Half-life of two minutes makes it really difficult to be useful...
Yes, but that is what they are attempting to solve, and they seem to have made progress toward that end.
Hope springs eternal, as they say. :-)
If this turns out to be true, it is a great discovery.
Yes it would. I keep hoping for something that gives us more than just healthier mice. ;-)
Exactly, hope this comes to America.
It’s a huge industry killer. Just imagine if they could end type II with a single weekly pill that not only lowers your blood sugar, but reduces your weight and makes you healthier?
I hope these scientists don’t find themselves on a dissapearing 777.
“I hope these scientists dont find themselves on a dissapearing 777.”
Now that’s a disturbing thought.
Wonderful news he should win Nobel Prize.
Interesting development.... worth keeping an eye on
Patient compliance would be astronomically high.
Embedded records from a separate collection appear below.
lemma preserves_edges_imp_adj_pres:
  assumes g: "preserves_edges n g" and g_cube: "g \<in> cube n \<rightarrow> cube p"
  shows "adj_pres n g"
proof -
  have strict: "cless (g x) (g y)" if x: "x \<in> cube n" and y: "y \<in> cube n" and "cless x y" for x y
  proof -
    obtain z where z: "cless x z" "hdist x z = 1" "cle z y" "length z = length x"
      using cle_edge_step \<open>cless x y\<close> unfolding cless_def by metis
    have zc: "z \<in> cube n" using z(4) x by (simp add: cube_def)
    have xz: "cless (g x) (g z)" using g x zc z unfolding preserves_edges_def by blast
    have zy: "cle (g z) (g y)" using preserves_edges_imp_mono[OF g zc y z(3)] .
    have "g x \<noteq> g y" using xz zy unfolding cless_def by (metis cle_antisym)
    thus ?thesis using xz zy cle_trans unfolding cless_def by blast
  qed
  have hdist_1: "hdist (g x) (g y) = 1"
    if x: "x \<in> cube n" and y: "y \<in> cube n" and "hdist x y = 1" for x y
  proof -
    have lxy: "length x = length y" using x y by (simp add: cube_def)
    have "g x \<in> cube p" "g y \<in> cube p" using g_cube x y by auto
    hence lg: "length (g x) = length (g y)" by (simp add: cube_def)
    show ?thesis
      using hdist_1_imp_cless[OF lxy \<open>hdist x y = 1\<close>] g x y \<open>hdist x y = 1\<close>
        hdist_sym[OF lxy] hdist_sym[OF lg]
      unfolding preserves_edges_def by metis
  qed
  show ?thesis unfolding adj_pres_def using strict hdist_1 by blast
qed

definition cube_point :: "bool list \<Rightarrow> cmor" where
  "cube_point x = (\<lambda>_\<in>cube 0. x)"

definition cube_edge :: "bool list \<Rightarrow> bool list \<Rightarrow> cmor" where
  "cube_edge x y = (\<lambda>z\<in>cube 1. if z = [True] then y else x)"

lemma ccomp_in_cube_hom:
  assumes u: "u \<in> cube_hom k n" and f: "f \<in> cube_hom n p"
  shows "ccomp k f u \<in> cube_hom k p"
proof -
  have "ccomp k f u \<in> cube k \<rightarrow>\<^sub>E cube p"
    using u f by (auto simp: cube_hom_def ccomp_def compose_def)
  moreover have "adj_pres k (ccomp k f u)"
    using u f unfolding cube_hom_def adj_pres_def ccomp_def compose_def by (auto simp: PiE_iff)
  ultimately show ?thesis by (simp add: cube_hom_def)
qed

lemma cube_point_in_cube_hom: "x \<in> cube n \<Longrightarrow> cube_point x \<in> cube_hom 0 n"
  by (auto simp: cube_hom_def cube_point_def adj_pres_def cube_0_eq cless_def hdist_def)

lemma cube_point_apply: "cube_point x [] = x"
  by (simp add: cube_point_def cube_0_eq)

lemma ccomp_cube_point: "ccomp 0 u (cube_point z) = cube_point (u z)"
  by (auto simp: ccomp_def compose_def cube_point_def cube_0_eq)

lemma cube_edge_in_cube_hom:
  assumes "x \<in> cube n" "y \<in> cube n" "cless x y" "hdist x y = 1"
  shows "cube_edge x y \<in> cube_hom 1 n"
proof -
  have "length x = length y" using assms by (simp add: cube_def)
  hence "hdist y x = 1" using assms hdist_sym by simp
  moreover have "\<not> cless y x" "\<not> cle [True] [False]"
    using assms cless_asym by (auto simp: cle_def)
  ultimately show ?thesis
    using assms unfolding cube_hom_def adj_pres_def
    by (auto simp: cube_edge_def cube_1_eq cless_def hdist_def)
qed

abbreviation cosk1_rep :: "nat \<Rightarrow> nat \<Rightarrow> (nat \<Rightarrow> cmor \<Rightarrow> cmor) set" where
  "cosk1_rep p n \<equiv> cosk1 cube_hom (rep_set cube_hom p) (rep_act p) n"

lemma cosk1_rep_iff:
  "\<alpha> \<in> cosk1_rep p n \<longleftrightarrow>
     (\<forall>k\<le>1. \<alpha> k \<in> cube_hom k n \<rightarrow>\<^sub>E cube_hom k p) \<and>
     (\<forall>k>1. \<alpha> k = (\<lambda>_. undefined)) \<and>
     (\<forall>k\<le>1. \<forall>l\<le>1. \<forall>\<phi>\<in>cube_hom k l. \<forall>u\<in>cube_hom l n.
        \<alpha> k (ccomp k u \<phi>) = ccomp k (\<alpha> l u) \<phi>)"
  by (simp add: cosk1_def rep_set_def rep_act_def)

lemma canon_in_cosk1_rep:
  assumes f: "f \<in> cube_hom n p"
  shows "canon cube_hom n f \<in> cosk1_rep p n"
  unfolding cosk1_rep_iff
proof (intro conjI allI impI ballI)
  fix k :: nat assume "k \<le> 1"
  thus "canon cube_hom n f k \<in> cube_hom k n \<rightarrow>\<^sub>E cube_hom k p"
    using ccomp_in_cube_hom[OF _ f] by (auto simp: canon_def)
next
  fix k :: nat assume "1 < k"
  thus "canon cube_hom n f k = (\<lambda>_. undefined)" by (simp add: canon_def)
next
  fix k l :: nat and \<phi> u
  assume kl: "k \<le> 1" "l \<le> 1" and \<phi>: "\<phi> \<in> cube_hom k l" and u: "u \<in> cube_hom l n"
  have "ccomp k u \<phi> \<in> cube_hom k n" by (rule ccomp_in_cube_hom[OF \<phi> u])
  moreover have "\<phi> z \<in> cube l" if "z \<in> cube k" for z using \<phi> that by (auto simp: cube_hom_def)
  ultimately show "canon cube_hom n f k (ccomp k u \<phi>) = ccomp k (canon cube_hom n f l u) \<phi>"
    using kl u by (auto simp: canon_def ccomp_def compose_def)
qed
(* Let $G$ be a directed graph, let $a, b, k \geq 1$ be integers, and let $D$ be a well-linked set in $G$ of size $4(a+k)b$. If $G$ does not contain a family of $k$ directed cycles such that every vertex of $G$ is in at most two of the cycles, then there exist walks $P_1,\ldots,P_a$ in $G$ and sets $A_i, B_i \subseteq V(P_i)$ for $1 \leq i \leq a$ such that: (1) the family $\{P_1,\ldots,P_a\}$ is of congestion $2$; (2) the sets $A_1,B_1,\ldots,A_a,B_a$ each have size $b$ and are pairwise disjoint; (3) for every $1 \leq i \leq a$, all vertices of $A_i$ appear on $P_i$ before all vertices of $B_i$; (4) $\bigcup_{i=1}^a (A_i \cup B_i)$ is well-linked in $G$.
   Context: For $A,B\subseteq V(G)$ with $|A|=|B|$, a linkage from $A$ to $B$ is a set of $|A|$ pairwise vertex-disjoint directed paths each starting in $A$ and ending in $B$. A set $W\subseteq V(G)$ is well-linked if for all $A,B\subseteq W$ with $|A|=|B|$ there is a linkage from $A$ to $B$ in $G-(W\setminus(A\cup B))$. A family of walks is of congestion $c$ if every vertex is visited at most $c$ times in total by the walks (each visit counted separately). *)

theory Defs
  imports Main
begin

definition digraph :: "'v set \<Rightarrow> ('v \<times> 'v) set \<Rightarrow> bool" where
  "digraph V E \<longleftrightarrow> finite V \<and> E \<subseteq> V \<times> V"

definition is_walk :: "'v set \<Rightarrow> ('v \<times> 'v) set \<Rightarrow> 'v list \<Rightarrow> bool" where
  "is_walk V E P \<longleftrightarrow> P \<noteq> [] \<and> set P \<subseteq> V \<and>
     (\<forall>i. Suc i < length P \<longrightarrow> (P ! i, P ! Suc i) \<in> E)"

definition is_path :: "'v set \<Rightarrow> ('v \<times> 'v) set \<Rightarrow> 'v list \<Rightarrow> bool" where
  "is_path V E P \<longleftrightarrow> is_walk V E P \<and> distinct P"

definition linkage_in :: "'v set \<Rightarrow> ('v \<times> 'v) set \<Rightarrow> 'v set \<Rightarrow> 'v set \<Rightarrow> 'v set \<Rightarrow> bool" where
  "linkage_in V E X A B \<longleftrightarrow>
     (\<exists>Ps :: 'v list set. finite Ps \<and> card Ps = card A \<and>
        (\<forall>P\<in>Ps. is_path (V - X) E P \<and> hd P \<in> A \<and> last P \<in> B) \<and>
        (\<forall>P\<in>Ps. \<forall>Q\<in>Ps. P \<noteq> Q \<longrightarrow> set P \<inter> set Q = {}))"

definition well_linked :: "'v set \<Rightarrow> ('v \<times> 'v) set \<Rightarrow> 'v set \<Rightarrow> bool" where
  "well_linked V E W \<longleftrightarrow> W \<subseteq> V \<and>
     (\<forall>A B. A \<subseteq> W \<longrightarrow> B \<subseteq> W \<longrightarrow> card A = card B \<longrightarrow>
        linkage_in V E (W - (A \<union> B)) A B)"

(* A directed cycle, represented as its set of arcs: a cyclic sequence of
   pairwise distinct vertices v_0,...,v_{m-1} (m \<ge> 1) with arcs v_i -> v_{i+1 mod m}. *)
definition is_cycle :: "('v \<times> 'v) set \<Rightarrow> ('v \<times> 'v) set \<Rightarrow> bool" where
  "is_cycle E C \<longleftrightarrow> (\<exists>cs. cs \<noteq> [] \<and> distinct cs \<and> C = set (zip cs (rotate1 cs)) \<and> C \<subseteq> E)"

definition cycle_verts :: "('v \<times> 'v) set \<Rightarrow> 'v set" where
  "cycle_verts C = fst ` C"

definition has_half_integral_cycle_packing :: "'v set \<Rightarrow> ('v \<times> 'v) set \<Rightarrow> nat \<Rightarrow> bool" where
  "has_half_integral_cycle_packing V E k \<longleftrightarrow>
     (\<exists>\<C>. finite \<C> \<and> card \<C> = k \<and> (\<forall>C\<in>\<C>. is_cycle E C) \<and>
        (\<forall>v\<in>V. card {C\<in>\<C>. v \<in> cycle_verts C} \<le> 2))"
lemma classical_weak_dominance:
  assumes c: "classical R" and "(t, q) \<in> Zset" "(t', q') \<in> Zset" "t \<le> t'" "q' \<le> q"
  shows "((t, q), (t', q')) \<in> R"
proof -
  have "((t, q), (t, q')) \<in> R"
    using classical_refl[OF c] classical_prefers_higher_q[OF c, of t q' q] assms
    by (cases "q' = q") (auto simp: strict_def)
  moreover have "((t, q'), (t', q')) \<in> R"
    using classical_refl[OF c] classical_prefers_lower_t[OF c, of t q' t'] assms
    by (cases "t = t'") (auto simp: strict_def)
  ultimately show ?thesis using classical_trans[OF c] by blast
qed

lemma strict_above_nbhd:
  assumes c: "classical R" and z: "z \<in> Zset" and "strict R p z"
  shows "\<exists>e>0. \<forall>y\<in>Zset. dist y p < e \<longrightarrow> strict R y z"
proof -
  have "open (- {x \<in> Zset. (z, x) \<in> R})" using classical_closed_lower[OF c z] by auto
  moreover have "p \<in> - {x \<in> Zset. (z, x) \<in> R}" using assms(3) unfolding strict_def by auto
  ultimately obtain e where e: "e > 0" "ball p e \<subseteq> - {x \<in> Zset. (z, x) \<in> R}"
    using open_contains_ball by blast
  show ?thesis
  proof (intro exI[of _ e] conjI ballI impI)
    fix y assume y: "y \<in> Zset" "dist y p < e"
    then have "(z, y) \<notin> R" using e by (auto simp: dist_commute)
    then show "strict R y z" using strict_if_not_weak[OF c z] y by blast
  qed (use e in auto)
qed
This article is a joke. GLP-1 (glucagon like polpypetide 1) was discovered about 25 years ago. It lowers blood sugar and the human gut secretes it naturally, but it has a short half-life, because it is inactivated by DPP4 (dipeptidyl peptidase 4), another naturally occurring enzyme in the human body. Januvia (by Merck) was the first DPP-4 inhibitor, used to block the DPP-4 enzyme’s degradation of GLP-1, thus lowering blood sugar. Next came a natural mimetic (copy) of GLP-1, Byetta, and it’s analog (synthetic) twin Bydureon, both owned by Astra Zeneca. These drugs came out in the mid 2000’s. Another GLP-1 analog, Victoza (from Novo Nordisk) came out in 2010. There are also a host of Januvia copies on the market (saxagliptin, alogliptin, linogliptin,etc.). Before you start thinking this is a new breakthrough, educate yourselves on the diabetes therapies.
LOL, threatened much?
With all your big words, you think there’s been no progress since the mid-2000’s?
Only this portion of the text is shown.